Friday, Oct. 24, 2008 | A San Diego Police Department detective e-mailed three potential recruits this week and told them that, because of the city’s budget crisis, the department was putting all out-of-state hiring on hold.

“I have been instructed to cancel all Out of State (OOS) background processing until we receive official notification from the Command staff on possible budget reallocations. This will subsequently affect the number of Police Officer Recruit positions that our agency will submit for the next police academy,” wrote Detective Mary Alvarez Sandoval, who said in an interview she was told by a superior that the department had stopped interviewing out-of-state applicants.

But according to Executive Assistant Chief of Police David Ramirez, the e-mail, which he said was only sent to three people, was completely inaccurate. The mayor has asked the police department to come up with a proposal for cutting its budget, but nothing’s been finalized and, when it comes to hiring, it’s business at usual at the SDPD, he said.

“She did it on her own,” Ramirez said. “Nothing’s changed. We’re still hiring, we’re still processing both out-of-state and in-state applications.”

The police department has spent the last two years trying to stem what was, until fairly recently, a steady flow of police officers away from the SDPD to other local police departments and public safety agencies. The department’s also been on a year-long drive to recruit new officers from San Diego and around the country.

The department’s had a measure of success. It’s managed to fully stock police academies and two successive pay raises for city cops have helped to keep attrition numbers at the department low. But the city’s latest financial uppercut — the mayor announced a $43 million deficit for city finances last week — could pose a new challenge to staffing at the police department.

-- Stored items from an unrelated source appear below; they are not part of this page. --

theorem mainTheorem9:
  fixes b0 b1 \<epsilon> :: real and n :: nat
  assumes "0 < b0" and "b0 < b1" and "2 \<le> n" and "0 < \<epsilon>"
  shows "(\<exists>C \<alpha>. C > 0 \<and> \<alpha> > 0 \<and> (\<forall>t\<ge>0.
            tail_prob b0 b1 n t (real n * b0 + \<epsilon>) \<le> C * exp (- \<alpha> * t) \<and>
            tail_prob b0 b1 n t ((real (n - 1) * b1 + b0) / real n + \<epsilon>) \<le> C * exp (- \<alpha> * t) \<and>
            tail_prob b0 b1 n t (4 * sqrt 2 * sqrt (b1 * b0) + \<epsilon>) \<le> C * exp (- \<alpha> * t)))
         \<and> d_tilde b0 b1 n \<le> min (real n * b0)
              (min ((real (n - 1) * b1 + b0) / real n) (4 * sqrt 2 * sqrt (b1 * b0)))"
proof -
  interpret growth_model b0 b1 n
    using assms by unfold_locales auto
  let ?d1 = "real n * b0" and ?d2 = "(real (n - 1) * b1 + b0) / real n"
    and ?d3 = "4 * sqrt 2 * sqrt (b1 * b0)"
  have decays: "exponentially_decaying (\<lambda>t. tail_prob b0 b1 n t (d + e))"
    if "d \<in> {?d1, ?d2, ?d3}" and "0 < e" for d e
    using that exponentially_decaying_tail_prob_max_speed exponentially_decaying_tail_prob_average_speed
      exponentially_decaying_tail_prob_gradient_speed by auto
  have "exponentially_decaying (\<lambda>t. max (tail_prob b0 b1 n t (?d1 + \<epsilon>))
      (max (tail_prob b0 b1 n t (?d2 + \<epsilon>)) (tail_prob b0 b1 n t (?d3 + \<epsilon>))))"
    using \<open>0 < \<epsilon>\<close> by (intro exponentially_decaying_max decays) auto
  moreover have "d_tilde b0 b1 n \<le> d" if "d \<in> {?d1, ?d2, ?d3}" for d
    using that assms(1,2) by (intro d_tilde_le decays) auto
  ultimately show ?thesis
    unfolding exponentially_decaying_def by auto
qed

end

The department is currently budgeted for 2,127 employees. According to the Police Officers Association, the union that represents city police officers, there are currently 1,996 employees working for the department. But that number includes 282 people who are inactive employees because they are on administrative or military leave. That leaves 1,713 employees.

Like every other city department, the SDPD has been asked to find 10 percent of its budget that could be cut to help bring the city’s spending in line with its income. Mayoral spokesman Darren Pudgil said cutting the budgets of the police and fire-rescue departments are a last resort, but that the mayor still wants to see proposals from those two agencies.

Ramirez would not discuss details of the police department’s proposal for cutting its budget. The plan is only in its very early phases, and details of it will not be shared with the media until the Mayor’s Office has seen it, he said.

But, last year, 83 percent of the police department’s budget was spent on personnel expenses. A 10-percent cut, if implemented, would almost certainly impact the department’s staffing.

Pudgil acknowledged that budget cuts from public safety departments, though unlikely at the moment, might cut into the city’s drive to hire police officers.

“It’s too early to tell, but that’s something that would be considered,” he said.

Bill Nemec, president of the San Diego Police Officers’ Association, said any budget cuts at the police department would certainly affect spending on personnel. Such cuts would most likely be felt first in the department’s hiring efforts, Nemec said.

Nemec said he’s troubled by the specter of budget cuts. He said the department has only just started to pull itself back into shape after years of hemorrhaging police officers to other local departments, and that recruitment has been looking up for months.

But Nemec also pointed out that the worsening local economy could have the ironic effect of keeping police officers in San Diego, because officers are less likely to take a chance on new departments if they have a guaranteed job in San Diego.

And Nemec said the union will nevertheless ask the city for a pay raise for police officers next year.

“There’s been a repeated call from City Hall to explore new revenue sources, but I haven’t seen that. Until I do, I think it’s more than fair for us to go in there and say ‘yes, police officers deserve a raise,’ ” he said.

The police department isn’t the only city public safety agency that could see recruitment stifled by the budget cuts. Frank DeClercq, president of Local 145, the union that represents city firefighters, said he was told that, among other proposals, the fire department will be proposing suspending its academy for new recruits until the beginning of the new fiscal year in July.

Fire Department Spokesman Maurice Luque said he couldn’t comment about any possible budget cuts at the department. The department currently has an academy scheduled for April 2009, Luque said.

Ramirez said the applicants to the police department who were emailed this week will be contacted and told that their applications will be processed as normal. He said some out-of-state applicants may have their interviews rescheduled because the lieutenant who interviews new recruits is on vacation, but that all pending applications will be processed

He said the mix-up was unfortunate and that even if the department is forced to cut recruitment, it won’t just focus on out-of-state recruits.

“We don’t discriminate against people because they’re from out of state,” he said. “We want to hire the best recruits, no matter where they came from.”